*Activity*:
Find each line of the material below in which the word "rank" occurs, and return it.

[Start of Attachment]

(* Hb ((j+1)L x jL) is block upper Hessenberg with L x L blocks, and every
   subdiagonal block H_{k+1,k} is upper triangular. Indices are 0-based. *)
definition block_hessenberg :: "nat \<Rightarrow> nat \<Rightarrow> complex mat \<Rightarrow> bool" where
  "block_hessenberg L j Hb \<longleftrightarrow>
     Hb \<in> carrier_mat ((j+1)*L) (j*L) \<and>
     (\<forall>r c. r < (j+1)*L \<longrightarrow> c < j*L \<longrightarrow> r div L > c div L + 1 \<longrightarrow> Hb $$ (r,c) = 0) \<and>
     (\<forall>r c. r < (j+1)*L \<longrightarrow> c < j*L \<longrightarrow> r div L = c div L + 1 \<longrightarrow> r mod L > c mod L
            \<longrightarrow> Hb $$ (r,c) = 0)"

definition lsq_min :: "nat \<Rightarrow> complex mat \<Rightarrow> complex mat \<Rightarrow> nat \<Rightarrow> complex mat \<Rightarrow> bool" where
  "lsq_min L Hb S0 k Y \<longleftrightarrow>
     Y \<in> carrier_mat (k*L) L \<and>
     (\<forall>Y' \<in> carrier_mat (k*L) L.
        frob_sq (lead_sub Hb ((k+1)*L) (k*L) * Y - Emat L (k+1) * S0)
          \<le> frob_sq (lead_sub Hb ((k+1)*L) (k*L) * Y' - Emat L (k+1) * S0))"

end

theory Submission
  imports Defs
begin

(* Write m = jL and p = (j-1)L. Because Hbar_j is block Hessenberg, the first p columns of H_j
   are Hbar_{j-1}, so H_j = [Hbar_{j-1} | C]. Let R be the least-squares residual of step j-1.
   The normal equations give Hbar_{j-1}^H R = 0; Hbar_{j-1} has full column rank, and so has R,
   because F_{j-1} = -W_j R has rank L. As p + L = m, C^m is the orthogonal sum of the ranges of
   Hbar_{j-1} and R, hence rank H_j = p iff the columns of C lie in the range of Hbar_{j-1} iff
   H_j^H R = 0. On the other hand, Y_{j-1} padded with zeros has residual [R; 0] in the problem of
   step j, so it satisfies the normal equations of step j (whose solution is unique) exactly when
   H_j^H R = 0; and it equals Y_j iff X_j = X_{j-1}, because W_j has orthonormal columns. *)

lemma index_mult_mat_sum:
  "A \<in> carrier_mat r k \<Longrightarrow> B \<in> carrier_mat k c \<Longrightarrow> i < r \<Longrightarrow> j < c \<Longrightarrow>
   (A * B) $$ (i,j) = (\<Sum>l<k. A $$ (i,l) * B $$ (l,j))"
  by (simp add: scalar_prod_def lessThan_atLeast0)

lemma index_mult_mat_vec_sum:
  "A \<in> carrier_mat r k \<Longrightarrow> x \<in> carrier_vec k \<Longrightarrow> i < r \<Longrightarrow>
   (A *\<^sub>v x) $ i = (\<Sum>l<k. A $$ (i,l) * x $ l)"
  by (simp add: scalar_prod_def lessThan_atLeast0)

lemma mult_mat_vec_unit_vec:
  "(A :: 'a :: semiring_1 mat) \<in> carrier_mat r c \<Longrightarrow> k < c \<Longrightarrow> A *\<^sub>v unit_vec c k = col A k"
  by (rule eq_vecI) auto

lemma mat_adjoint_carrier: "A \<in> carrier_mat r c \<Longrightarrow> mat_adjoint A \<in> carrier_mat c r"
  by (auto simp: mat_adjoint_def mat_of_rows_def)
lemma projection_superdiag_eq_0:
  assumes "binomial_rigidity" "\<theta> > 0" "banded k a" "k > 0"
    and "moyal_prod_eq \<theta> a a a" "moyal_adj_eq \<theta> a a"
  shows "a (q + k) q = 0"
proof -
  define g where "g = (\<lambda>q. a (q + k) q * (\<i> * of_real \<theta>) ^ q * fact q)"
  have diag: "fock_matrix \<theta> a r (r + k) = binomial_transform g r" for r
    by (simp add: fock_matrix_superdiag g_def)
  have "binomial_transform g (n + k) * binomial_transform g n = 0" for n
  proof -
    have "binomial_transform g (n + k) * binomial_transform g n = fock_matrix \<theta> a n (n + k + k)"
      using fock_matrix_mult_corner[OF assms(3,3,5), of n "n + k" "n + k + k"] by (simp add: diag)
    also have "\<dots> = 0"
      using assms(4) by (intro fock_matrix_eq_0[OF assms(3)]) simp
    finally show ?thesis .
  qed
  moreover have "g \<longlonglongrightarrow> 0"
    using moyal_adj_diagonal_tendsto_0[OF assms(6), of k 0] assms(2) by (simp add: g_def add.commute)
  ultimately have "g q = 0"
    using binomial_rigidity_imp_eq_0[OF assms(1), of g k] assms(4) by (simp add: mult.commute)
  then show ?thesis
    using assms(2) by (simp add: g_def)
qed

lemma projection_subdiag_eq_0:
  assumes "binomial_rigidity" "\<theta> > 0" "banded k a" "k > 0"
    and "moyal_prod_eq \<theta> a a a" "moyal_adj_eq \<theta> a a"
  shows "a q (q + k) = 0"
proof -
  define g where "g = (\<lambda>p. a p (p + k) * (\<i> * of_real \<theta>) ^ (p + k) * fact p)"
  have diag: "fock_matrix \<theta> a (r + k) r = of_nat (falling_factorial (r + k) k) * binomial_transform g r" for r
    by (simp add: fock_matrix_subdiag g_def)
  have "binomial_transform g n * binomial_transform g (n + k) = 0" for n
  proof -
    have "of_nat (falling_factorial (n + k) k * falling_factorial (n + k + k) k)
        * (binomial_transform g n * binomial_transform g (n + k)) = fock_matrix \<theta> a (n + k + k) n"
      using fock_matrix_mult_corner[OF assms(3,3,5), of "n + k + k" "n + k" n] by (simp add: diag mult_ac)
    also have "\<dots> = 0"
      using assms(4) by (intro fock_matrix_eq_0[OF assms(3)]) simp
    finally show ?thesis
      by (simp add: falling_factorial_eq_0_iff)
  qed
  moreover have "g \<longlonglongrightarrow> 0"
  proof -
    have "(\<lambda>j. a (0 + j) (k + j) * (\<i> * of_real \<theta>) ^ j * fact j) \<longlonglongrightarrow> 0"
      using assms(2) by (intro moyal_adj_diagonal_tendsto_0[OF assms(6)]) simp
    then have "(\<lambda>j. (\<i> * of_real \<theta>) ^ k * (a (0 + j) (k + j) * (\<i> * of_real \<theta>) ^ j * fact j)) \<longlonglongrightarrow> 0"
      by (rule tendsto_mult_right_zero)
    then show ?thesis
      by (simp add: g_def power_add mult_ac add.commute)
  qed
  ultimately have "g q = 0"
    using binomial_rigidity_imp_eq_0[OF assms(1), of g k] assms(4) by simp
  then show ?thesis
    using assms(2) by (simp add: g_def)
qed

lemma projection_banded_0:
  assumes "binomial_rigidity" "\<theta> > 0" "moyal_prod_eq \<theta> a a a" "moyal_adj_eq \<theta> a a"
  shows "banded k a \<Longrightarrow> banded 0 a"
proof (induction k)
  case (Suc k)
  have "a (q + Suc k) q = 0" "a q (q + Suc k) = 0" for q
    using projection_superdiag_eq_0[OF assms(1,2) Suc.prems _ assms(3,4)]
      projection_subdiag_eq_0[OF assms(1,2) Suc.prems _ assms(3,4)] by auto
  have "banded k a"
    unfolding banded_def
  proof (intro allI impI)
    fix p q assume "a p q \<noteq> 0"
    then have "p \<le> q + Suc k" "q \<le> p + Suc k" "p \<noteq> q + Suc k" "q \<noteq> p + Suc k"
      using Suc.prems \<open>\<And>q. a (q + Suc k) q = 0\<close> \<open>\<And>q. a q (q + Suc k) = 0\<close>
      unfolding banded_def by auto
    then show "p \<le> q + k \<and> q \<le> p + k" by linarith
  qed
  then show ?case by (rule Suc.IH)
qed

lemma projection_banded_0_trivial:
  assumes "\<theta> > 0" "banded 0 a" "moyal_prod_eq \<theta> a a a" "moyal_adj_eq \<theta> a a"
  shows "a = (\<lambda>p q. 0) \<or> a = unit_coeff"
proof -
  define g where "g = (\<lambda>q. a q q * (\<i> * of_real \<theta>) ^ q * fact q)"
  have diag: "fock_matrix \<theta> a r r = binomial_transform g r" for r
    using fock_matrix_superdiag[of \<theta> a r 0] by (simp add: g_def)
  have "binomial_transform g r \<in> {0, 1}" for r
  proof -
    have "binomial_transform g r = binomial_transform g r * binomial_transform g r"
      using fock_matrix_mult_corner[OF assms(2,2,3), of r r r] by (simp add: diag)
    then show ?thesis by auto
  qed
  moreover have "g \<longlonglongrightarrow> 0"
    using moyal_adj_diagonal_tendsto_0[OF assms(4), of 0 0] assms(1) by (simp add: g_def)
  ultimately have "g n = 0" if "n > 0" for n
    using binomial_transform_01_imp_eq_0 that by blast
  then have diag_0: "a n n = 0" if "n > 0" for n
    using that assms(1) by (simp add: g_def)
  have off_diag: "a p q = 0" if "p \<noteq> q" for p q
    using assms(2) that unfolding banded_def by force
  define c where "c = a 0 0"
  have a_eq: "a = (\<lambda>p q. if p = 0 \<and> q = 0 then c else 0)"
    using diag_0 off_diag by (intro ext) (metis c_def neq0_conv)
  have "c \<in> {0, 1}"
    using \<open>binomial_transform g 0 \<in> {0, 1}\<close> by (simp add: binomial_transform_def g_def c_def)
  then show ?thesis
    unfolding a_eq unit_coeff_def by (auto simp: fun_eq_iff)
qed
theorem proposition5p4:
  fixes D :: "('x::real_vector \<Rightarrow> real) set"
    and f g :: "'x \<Rightarrow> ereal" and A :: "'x set"
  assumes "dual_pair D" and "\<exists>x::'x. x \<noteq> 0"
    and "proper_fn f" and "convex_fn f" and "proper_fn g" and "convex_fn g"
    and "domX f \<subseteq> domX g" and "A \<noteq> {}"
  shows "(Lambda_set D f g A
           = epiW D (cconj (\<lambda>x. usub (f x) (eco D g x) + indic A x))) \<and>
         (Omega_set D f g A
           = (\<Union>z \<in> domW D (cconj (indic A)). case z of (xs, ys, \<alpha>) \<Rightarrow>
               epiW D (cconj (\<lambda>x. usub (usub (usub (f x) (eco D g x)) (coup x (-xs, -ys, \<alpha>)))
                                   (cconj (indic A) z)))))"
proof
  have f_fin: "f x \<noteq> -\<infinity>" for x using assms(3) by (simp add: proper_fn_def)
  have dom: "f x < \<infinity> \<Longrightarrow> g x < \<infinity>" for x using assms(7) by (auto simp: domX_def)
  have eco_fin: "f x \<noteq> \<infinity> \<Longrightarrow> eco D g x \<noteq> \<infinity>" for x
    using dom[of x] eco_le[of D g x] by (auto simp: less_top)
  note core = inter_shiftW_epiW_cconj_eq_epiW_cconj_diff_eco[OF assms(1,5)]
  have "(\<lambda>x. usub (usub (f x + indic A x) (eco D g x)) (ereal 0))
          = (\<lambda>x. usub (f x) (eco D g x) + indic A x)"
    using f_fin eco_fin by (simp add: usub_add_indic)
  moreover have "f x + indic A x < \<infinity> \<Longrightarrow> g x < \<infinity>" for x
    using dom f_fin by (auto simp: indic_def split: if_splits)
  ultimately show "Lambda_set D f g A = epiW D (cconj (\<lambda>x. usub (f x) (eco D g x) + indic A x))"
    using core[of "\<lambda>x. f x + indic A x" 0] by (simp add: Lambda_set_def)
  obtain a where "a \<in> A" using assms(8) by blast
  then have indic_a: "indic A a = ereal 0" by (simp add: indic_def)
  show "Omega_set D f g A = (\<Union>z \<in> domW D (cconj (indic A)). case z of (xs, ys, \<alpha>) \<Rightarrow>
          epiW D (cconj (\<lambda>x. usub (usub (usub (f x) (eco D g x)) (coup x (-xs, -ys, \<alpha>)))
                              (cconj (indic A) z))))"
    unfolding Omega_set_def
  proof (rule SUP_cong[OF refl], clarify)
    fix xs ys \<alpha> assume z: "(xs, ys, \<alpha>) \<in> domW D (cconj (indic A))"
    then obtain K where K: "cconj (indic A) (xs, ys, \<alpha>) = ereal K"
      using domW_cconj_real indic_a by metis
    have "usub (usub (usub (f x) (coup x (-xs, -ys, \<alpha>))) (eco D g x)) (ereal K)
            = usub (usub (usub (f x) (eco D g x)) (coup x (-xs, -ys, \<alpha>))) (ereal K)" for x
      using usub_commute[of "f x" "coup x (-xs, -ys, \<alpha>)" "eco D g x"] f_fin eco_fin by simp
    moreover have "usub (f x) (coup x (-xs, -ys, \<alpha>)) < \<infinity> \<Longrightarrow> g x < \<infinity>" for x
      using dom by (cases "f x") auto
    ultimately show "(Wset D \<times> UNIV) \<inter> (\<Inter>w \<in> domW D (cconj g). case w of (u, v, \<gamma>) \<Rightarrow>
          shiftW (epiW D (cconj (\<lambda>x. usub (f x) (coup x (-xs, -ys, \<alpha>))))) u
            (real_of_ereal (cconj g w) - real_of_ereal (cconj (indic A) (xs, ys, \<alpha>))))
        = epiW D (cconj (\<lambda>x. usub (usub (usub (f x) (eco D g x)) (coup x (-xs, -ys, \<alpha>)))
                            (cconj (indic A) (xs, ys, \<alpha>))))"
      using core[of "\<lambda>x. usub (f x) (coup x (-xs, -ys, \<alpha>))" K] by (simp add: K)
  qed
qed

end
(* Let $0<p<\infty$, $\alpha>1$, and let $\beta$ be real with $\beta p<-1$ and $\nu:=-(\alpha+\beta+\frac1p)>0$. Let $K>1$ be sufficiently large, $\delta_n=K^{-n}$, $f_n(z)=\delta_n^\nu(1+\delta_n-z)^\beta$ ($z\in\mathbb{D}$), and $X_{\nu,\beta}=\{\sum_{n=1}^\infty a_nf_n:(a_n)\in\ell_\infty\}$. Let $(\varphi_t)$ be a semigroup of analytic functions with Denjoy–Wolff point $1$, whose infinitesimal generator is $G(z)=(1-z)^2P(z)$ with $P$ analytic on $\mathbb{D}$ and $\mathrm{Re}\,P\ge0$, and let $E=\{h\in H(p,\infty,\alpha):(1-z)^2P(z)h'(z)\in H(p,\infty,\alpha)\}$. Then $X_{\nu,\beta}\subseteq E$.
   Context: $\mathbb{D}$ is the unit disk; powers use the principal branch. A semigroup of analytic functions is a family $\{\varphi_t:t\ge0\}$ of analytic self-maps of $\mathbb{D}$ with $\varphi_0=\mathrm{id}$, $\varphi_{t+s}=\varphi_t\circ\varphi_s$, $\varphi_t\to\varphi_0$ locally uniformly as $t\to0^+$; its infinitesimal generator is $G(z)=\lim_{t\to0^+}(\varphi_t(z)-z)/t$. $M_p(r,f)=\left(\int_0^{2\pi}|f(re^{i\theta})|^p\frac{d\theta}{2\pi}\right)^{1/p}$; $H(p,\infty,\alpha)$ is the space of analytic $f$ on $\mathbb{D}$ with $\sup_{0\le r<1}(1-r)^\alpha M_p(r,f)<\infty$. *)

theory Defs
  imports "HOL-Complex_Analysis.Complex_Analysis"
begin

abbreviation unit_disc :: "complex set" where "unit_disc \<equiv> ball 0 1"

definition analytic_semigroup :: "(real \<Rightarrow> complex \<Rightarrow> complex) \<Rightarrow> bool" where
  "analytic_semigroup \<phi> \<longleftrightarrow>
     (\<forall>t\<ge>0. \<phi> t holomorphic_on unit_disc \<and> \<phi> t ` unit_disc \<subseteq> unit_disc) \<and>
     (\<forall>z\<in>unit_disc. \<phi> 0 z = z) \<and>
     (\<forall>t\<ge>0. \<forall>s\<ge>0. \<forall>z\<in>unit_disc. \<phi> (t + s) z = \<phi> t (\<phi> s z)) \<and>
     (\<forall>C. compact C \<and> C \<subseteq> unit_disc \<longrightarrow> uniform_limit C \<phi> (\<phi> 0) (at_right 0))"

definition infinitesimal_generator :: "(real \<Rightarrow> complex \<Rightarrow> complex) \<Rightarrow> (complex \<Rightarrow> complex) \<Rightarrow> bool" where
  "infinitesimal_generator \<phi> G \<longleftrightarrow>
     (\<forall>z\<in>unit_disc. ((\<lambda>t. (\<phi> t z - z) / complex_of_real t) \<longlongrightarrow> G z) (at_right 0))"

definition denjoy_wolff_point :: "(real \<Rightarrow> complex \<Rightarrow> complex) \<Rightarrow> complex \<Rightarrow> bool" where
  "denjoy_wolff_point \<phi> \<tau> \<longleftrightarrow> \<tau> \<in> cball 0 1 \<and>
     (\<forall>z\<in>unit_disc. ((\<lambda>t. \<phi> t z) \<longlongrightarrow> \<tau>) at_top)"

definition Mp :: "real \<Rightarrow> real \<Rightarrow> (complex \<Rightarrow> complex) \<Rightarrow> real" where
  "Mp p r f = (integral {0..2*pi} (\<lambda>\<theta>. norm (f (complex_of_real r * cis \<theta>)) powr p) / (2*pi)) powr (1/p)"

definition H_p_inf :: "real \<Rightarrow> real \<Rightarrow> (complex \<Rightarrow> complex) set" where
  "H_p_inf p \<alpha> = {f. f holomorphic_on unit_disc \<and>
      (\<exists>C. \<forall>r. 0 \<le> r \<and> r < 1 \<longrightarrow> (1 - r) powr \<alpha> * Mp p r f \<le> C)}"

definition delta_seq :: "real \<Rightarrow> nat \<Rightarrow> real" where
  "delta_seq K n = K powr (- real n)"

definition f_seq :: "real \<Rightarrow> real \<Rightarrow> real \<Rightarrow> nat \<Rightarrow> complex \<Rightarrow> complex" where
  "f_seq K \<nu> \<beta> n z = complex_of_real (delta_seq K n powr \<nu>)
      * (complex_of_real (1 + delta_seq K n) - z) powr complex_of_real \<beta>"

definition X_space :: "real \<Rightarrow> real \<Rightarrow> real \<Rightarrow> (complex \<Rightarrow> complex) set" where
  "X_space K \<nu> \<beta> = {h. \<exists>a :: nat \<Rightarrow> complex. bounded (range a) \<and>
      (\<forall>z\<in>unit_disc. (\<lambda>n. a (Suc n) * f_seq K \<nu> \<beta> (Suc n) z) sums h z)}"

definition E_space :: "real \<Rightarrow> real \<Rightarrow> (complex \<Rightarrow> complex) \<Rightarrow> (complex \<Rightarrow> complex) set" where
  "E_space p \<alpha> P = {h. h \<in> H_p_inf p \<alpha> \<and>
      (\<lambda>z. (1 - z)^2 * P z * deriv h z) \<in> H_p_inf p \<alpha>}"

end

theory Submission
  imports Defs
begin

[End of Attachment]

*Written solution*:
   The normal equations give Hbar_{j-1}^H R = 0; Hbar_{j-1} has full column rank, and so has R,
   because F_{j-1} = -W_j R has rank L. As p + L = m, C^m is the orthogonal sum of the ranges of
   Hbar_{j-1} and R, hence rank H_j = p iff the columns of C lie in the range of Hbar_{j-1} iff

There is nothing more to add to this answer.